Once it was over, they made me sit in an armchair for 10 minutes. In that armchair, I was angry but also too weak to do anything about it. I waited for them to let me go, and they asked if I had someone to accompany me home. I said yes.
The car ride in my best friend’s car was quiet. He tried to comfort me. I sat in the back seat, high as a horse with my face leaning on the cold hard glass. The buildings were blurry and I just wanted to sleep. Somehow, I ended up at home with all my medications and painkillers that I needed to take. I don’t even remember how I got them. I do, though, remember that the sleep I got from that anesthesia was the best sleep I’ve had. Ever. And that was it. It was over.
After the abortion, Chris tried to contact me to tell me that he “got locked up” because he was selling weed to come up with his half. I deferred him to my best friend, with whom he had a debt to settle. Almost six years later and I haven’t heard from him since, though I know he still lives in the same house, still does the same shit, sitting on his porch, smoking weed, and at the same place he was when I left the block.
Looking back this huge fiasco, I can’t think of a better story to tell.
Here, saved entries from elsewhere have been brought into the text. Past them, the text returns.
lemma eps_on_ceil_block:
  assumes qs: "quotient_of s = (q, p)" and s: "0 < s"
    and j: "ceil_mult (1 / s) c \<le> int j" "int j < ceil_mult (1 / s) (Suc c)"
  shows "eps q p j = (if even c then 1 else -1)"
proof -
  note f = quotient_of_pos[OF qs s]
  have "of_nat c * (of_int p / of_int q) \<le> (of_nat j :: rat)"
    "(of_nat j :: rat) < of_nat (Suc c) * (of_int p / of_int q)"
    using j f(3) unfolding ceil_mult_def by (simp_all add: ceiling_le_iff less_ceiling_iff)
  then have "of_int (int c) \<le> (of_int (int j * q) / of_int p :: rat)"
    "(of_int (int j * q) / of_int p :: rat) < of_int (int c) + 1"
    using f(1,2) by (simp_all add: field_simps)
  then have "\<lfloor>of_int (int j * q) / of_int p :: rat\<rfloor> = int c" by (rule floor_unique)
  then have "(int j * q) div p = int c" unfolding floor_divide_of_int_eq .
  then show ?thesis unfolding eps_def by simp
qed

lemma CS_word_blocks:
  fixes g :: "nat \<Rightarrow> int" and B :: "nat \<Rightarrow> nat"
  assumes per: "\<And>i. g (i + L) = g i"
    and blk: "\<And>c j. B c \<le> j \<Longrightarrow> j < B (Suc c) \<Longrightarrow> g j = (if even c then 1 else -1)"
    and B_less: "\<And>c. B c < B (Suc c)" and B0: "B 0 = 0" and B1: "B 1 < L"
    and BK: "B (Suc K) = B 1 + L"
    and w: "map snd w = map g [0..<L]"
  shows "CS_word w = map (\<lambda>c. B (Suc c) - B c) [1..<Suc K]"
proof -
  define es where "es = map snd w"
  define T where "T = B 1"
  have es_nth: "es ! i = g i" if "i < L" for i using that unfolding es_def w by simp
  have T_less: "T < length es" using B1 unfolding es_def w T_def by simp
  have "es \<noteq> []" using T_less by auto
  then have hd: "hd es = 1"
    using B1 es_nth[of 0] blk[of 0 0] B_less[of 0] B0 by (simp add: hd_conv_nth)
  have esT: "es ! T = -1" using es_nth[of T] blk[of 1 T] B_less[of 1] B1 unfolding T_def by simp
  have "\<not> (\<forall>e\<in>set es. e = hd es)" using esT T_less hd nth_mem by fastforce
  moreover have "takeWhile (\<lambda>e. e = hd es) es = take T es"
  proof (rule takeWhile_eq_take_P_nth)
    fix i assume "i < T" "i < length es"
    then show "es ! i = hd es" using es_nth[of i] blk[of 0 i] B0 hd unfolding T_def es_def w by simp
  qed (use esT hd in simp)
  ultimately have CS: "CS_word w = runs (rotate T es)"
    unfolding CS_word_def es_def[symmetric] Let_def using T_less by auto
  have mono: "mono B" using B_less by (simp add: mono_iff_le_Suc less_imp_le)
  have "rotate T es = map g [T..<T + L]"
    using rotate_map_upt_period[of g L T 0, OF per] B1 unfolding es_def w T_def by simp
  also have "[T..<T + L] = concat (map (\<lambda>c. [B c..<B (Suc c)]) [1..<Suc K])"
    using upt_eq_concat_blocks[OF mono, of 1 "Suc K"] BK unfolding T_def by simp
  moreover have "map g [B c..<B (Suc c)] = replicate (B (Suc c) - B c) (if even c then 1 else -1)" for c
  proof -
    have "map g [B c..<B (Suc c)] = map (\<lambda>_. if even c then 1 else -1) [B c..<B (Suc c)]"
      using blk[of c] by (intro map_cong) auto
    then show ?thesis by (simp add: map_replicate_const)
  qed
  ultimately have "rotate T es
      = concat (map (\<lambda>c. replicate (B (Suc c) - B c) (if even c then 1 else -1)) [1..<Suc K])"
    by (simp only: map_concat map_map comp_def)
  then show ?thesis unfolding CS by (simp only:) (rule runs_concat_blocks, use B_less in auto)
qed

lemma CS_eq_ceil_gaps:
  assumes qs: "quotient_of s = (q, p)" and s: "0 < s" "s \<le> 1"
  shows "CS s = map (ceil_gap (1 / s)) [1..<2 * nat q + 1]"
proof -
  note f = quotient_of_pos[OF qs s(1)]
  define t where "t = 1 / s"
  define B where "B c = nat (ceil_mult t c)" for c
  have t1: "1 \<le> t" using s unfolding t_def by simp
  have B_int: "int (B c) = ceil_mult t c" for c
    unfolding B_def using ceil_mult_nonneg[of t c] t1 by simp
  have B_less: "B c < B (Suc c)" for c
    using ceil_mult_Suc_gt[OF t1, of c] B_int[of c] B_int[of "Suc c"] by linarith
  have "of_nat (nat q) * t = of_int p" unfolding t_def f(3) using f(2) by simp
  then have "of_nat (2 * nat q) * t = of_int (2 * p)" by (simp add: algebra_simps)
  then have "ceil_mult t (1 + 2 * nat q) = ceil_mult t 1 + 2 * p" by (rule ceil_mult_add_period)
  then have BK: "B (Suc (2 * nat q)) = B 1 + 2 * nat p"
    using B_int[of 1] B_int[of "Suc (2 * nat q)"] f(1) by simp
  have "t \<le> of_int p" unfolding t_def f(3) using f(1,2) by (simp add: divide_le_eq)
  then have "B 1 \<le> nat p" unfolding B_def ceil_mult_def by (simp add: ceiling_le_iff nat_le_iff)
  then have B1: "B 1 < 2 * nat p" using f(1) by simp
  have B0: "B 0 = 0" unfolding B_def by simp
  have blk: "eps q p j = (if even c then 1 else -1)" if "B c \<le> j" "j < B (Suc c)" for c j
    using eps_on_ceil_block[OF qs s(1), of c j] that B_int[of c] B_int[of "Suc c"] unfolding t_def by simp
  have "CS s = map (\<lambda>c. B (Suc c) - B c) [1..<Suc (2 * nat q)]"
    unfolding CS_def
    by (rule CS_word_blocks[OF eps_period[OF f(1)] blk B_less B0 B1 BK signs_u_word[OF qs]])
  also have "\<dots> = map (ceil_gap t) [1..<2 * nat q + 1]"
    unfolding ceil_gap_def B_int[symmetric] nat_minus_as_int by simp
  finally show ?thesis unfolding t_def .
qed

lemma CS_zero: "CS 0 = [2]"
  by (simp add: CS_def CS_word_def u_word_def hat_u_def winv_def rat_zero_code)

lemma cyc_contains_CS_pos:
  assumes "0 \<le> s" "cyc_contains (CS s) P" "2 \<le> length P"
  shows "0 < s"
  using assms CS_zero unfolding cyc_contains_def by (cases "s = 0") auto

lemma CS_window_ceil_gaps:
  assumes s: "0 < s" "s \<le> 1" and cc: "cyc_contains (CS s) (map F [z..<z + l])"
  obtains y where "\<And>i. i < l \<Longrightarrow> ceil_gap (1 / s) (y + i) = F (z + i)"
proof -
  obtain q p where qs: "quotient_of s = (q, p)" by (cases "quotient_of s") auto
  note f = quotient_of_pos[OF qs s(1)]
  define Q where "Q = 2 * nat q"
  have CS: "CS s = map (ceil_gap (1 / s)) [1..<Q + 1]" using CS_eq_ceil_gaps[OF qs s] unfolding Q_def .
  have "of_nat Q * (1 / s) = of_int (2 * p)" unfolding Q_def f(3) using f(2) by simp
  then have per: "ceil_gap (1 / s) (i + Q) = ceil_gap (1 / s) i" for i by (rule ceil_gap_period)
  obtain j where j: "j < Q" "l \<le> Q" "take l (rotate j (CS s)) = map F [z..<z + l]"
    using cc unfolding cyc_contains_def CS by (auto simp del: upt_Suc)
  then have eq: "map (ceil_gap (1 / s)) [1 + j..<1 + j + l] = map F [z..<z + l]"
    using take_rotate_map_upt_period[of "ceil_gap (1 / s)" Q j l, OF per j(1,2)] unfolding CS by (simp del: upt_Suc)
  have "ceil_gap (1 / s) (1 + j + i) = F (z + i)" if "i < l" for i
    using arg_cong[OF eq, of "\<lambda>xs. xs ! i"] that by (simp del: upt_Suc)
  then show ?thesis using that by blast
qed

lemma CS_window_slope:
  assumes s: "0 < s" "s \<le> 1" and cc: "cyc_contains (CS s) (map F [z..<z + l])"
    and F: "\<And>c. int (F c) = G (Suc c) - G c" and k: "k1 \<le> k2" "k2 \<le> l"
  shows "of_int (G (z + k2) - G (z + k1) - 1) * s < of_nat (k2 - k1)"
    and "of_nat (k2 - k1) < of_int (G (z + k2) - G (z + k1) + 1) * s"
proof -
  obtain y where y: "\<And>i. i < l \<Longrightarrow> ceil_gap (1 / s) (y + i) = F (z + i)"
    using CS_window_ceil_gaps[OF s cc] by blast
  define X where "X = of_nat (y + k2) * (1 / s)"
  define Y where "Y = of_nat (y + k1) * (1 / s)"
  have "0 \<le> 1 / s" using s by simp
  have "G (z + k2) - G (z + k1) = (\<Sum>i = k1..<k2. int (F (z + i)))"
    using sum_Suc_diff'[OF k(1), of "\<lambda>i. G (z + i)"] F by simp
  also have "\<dots> = (\<Sum>i = k1..<k2. int (ceil_gap (1 / s) (y + i)))"
    using y k by (intro sum.cong) auto
  also have "\<dots> = \<lceil>X\<rceil> - \<lceil>Y\<rceil>"
    using sum_ceil_gap[OF \<open>0 \<le> 1 / s\<close> k(1)] unfolding ceil_mult_def X_def Y_def .
  finally have G: "G (z + k2) - G (z + k1) = \<lceil>X\<rceil> - \<lceil>Y\<rceil>" .
  have "X - Y = of_nat (k2 - k1) / s"
    unfolding X_def Y_def using k(1) by (simp add: of_nat_diff diff_divide_distrib add_divide_distrib)
  then have "of_int (G (z + k2) - G (z + k1)) - 1 < of_nat (k2 - k1) / s
      \<and> of_nat (k2 - k1) / s < of_int (G (z + k2) - G (z + k1)) + 1"
    using ceiling_diff_bounds[of X Y] unfolding G by simp
  then show "of_int (G (z + k2) - G (z + k1) - 1) * s < of_nat (k2 - k1)"
    and "of_nat (k2 - k1) < of_int (G (z + k2) - G (z + k1) + 1) * s"
    using s(1) by (simp_all add: field_simps)
qed

section \<open>Continued fractions\<close>

fun cf_apply :: "nat list \<Rightarrow> int \<times> int \<Rightarrow> int \<times> int" where
  "cf_apply [] v = v"
| "cf_apply (m # ms) v = (snd (cf_apply ms v), int m * snd (cf_apply ms v) + fst (cf_apply ms v))"

lemma cf_apply_append: "cf_apply (xs @ ys) v = cf_apply xs (cf_apply ys v)"
  by (induction xs) auto

lemma cf_apply_linear:
  "cf_apply xs (A, B) = (A * fst (cf_apply xs (1, 0)) + B * fst (cf_apply xs (0, 1)),
                         A * snd (cf_apply xs (1, 0)) + B * snd (cf_apply xs (0, 1)))"
  by (induction xs) (auto simp: algebra_simps)

lemma cf_apply_det:
  "fst (cf_apply xs (1, 0)) * snd (cf_apply xs (0, 1)) - fst (cf_apply xs (0, 1)) * snd (cf_apply xs (1, 0))
     = (-1) ^ length xs"
  by (induction xs) (simp_all add: algebra_simps)

lemma cf_append_frac:
  assumes "\<forall>x\<in>set xs. 0 < x" "0 \<le> A" "0 < B" "cf ys = of_int A / of_int B"
  shows "0 \<le> fst (cf_apply xs (A, B)) \<and> 0 < snd (cf_apply xs (A, B)) \<and>
         cf (xs @ ys) = of_int (fst (cf_apply xs (A, B))) / of_int (snd (cf_apply xs (A, B)))"
  using assms(1)
proof (induction xs)
  case (Cons m xs)
  obtain a b where ab: "cf_apply xs (A, B) = (a, b)" by fastforce
  then have ih: "0 \<le> a" "0 < b" "cf (xs @ ys) = of_int a / of_int b" using Cons by auto
  have "b \<le> int m * b" using Cons.prems ih(2) by simp
  then have pos: "0 < int m * b + a" using ih by linarith
  have "cf ((m # xs) @ ys) = 1 / (of_nat m + of_int a / of_int b)" using ih by simp
  also have "\<dots> = of_int b / of_int (int m * b + a)" using ih(2) pos by (simp add: field_simps)
  finally show ?case using ih pos ab by simp
qed (use assms in simp)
Yes, it sucked. I wish it didn’t have to happen, but it did and I learned about myself during the process. I learned that I am pro-choice. I learned that while I am pro-choice, I will probably take all the precautions I can to have to avoid going through another abortion again. It was physically painful and uncomfortable. And while it felt costly (I mean, $300 is a lot to a 20-year-old), I look at the grand scheme of things and think about how much that $300 – a drop in the bucket – changed and molded my life. I know at 20, I was in no way ready to parent. I didn’t want to. Simply put.
I’ll never force my beliefs on anyone, but I won’t be afraid to tell it out loud. I believe in safe medical abortion, and I believe that a woman has every right to her own body. I believe that women have the right to adequate healthcare and yes, that includes having the choice to have an abortion. If I weren’t able to make the decisions that I did make, my life would have staggered. Stunted. I’d probably be living below the poverty line. The drama that I was able to leave behind would probably continue. I’ll never forget to talk about the physical pain that I experienced with my abortion, but its legitimately fair to also talk about my amazing life after it.
I’m six years wiser now. Because I had that abortion, I was able to finish college without the struggles and hardship that came with having a child. I watched (some of) my friends with kids struggle to find childcare and to even continue their educational careers, which to me, was and is hugely important. With my education, I nabbed what seems to be my dream job in the city.
On a final note, I want to add that I don’t feel psychological pain. I don’t think everyone does, but I can’t take away from that fact that some people do. And that’s valid. Here and there I think back to it and think, “wow, to think that I’d have a kid right now….thank goodness I don’t!” I often talk about this with my current and long-term partner and I don’t know if I ever sound thankful enough, or lucky enough that I was able to make this life-changing decision. When the time comes that I decide I want and can afford to have children, I’ll make that decision. For now, I’ll support other women. Lift them up. Never judge them or their decisions. I’ll always stand up for other women’s rights because that means standing up for my rights.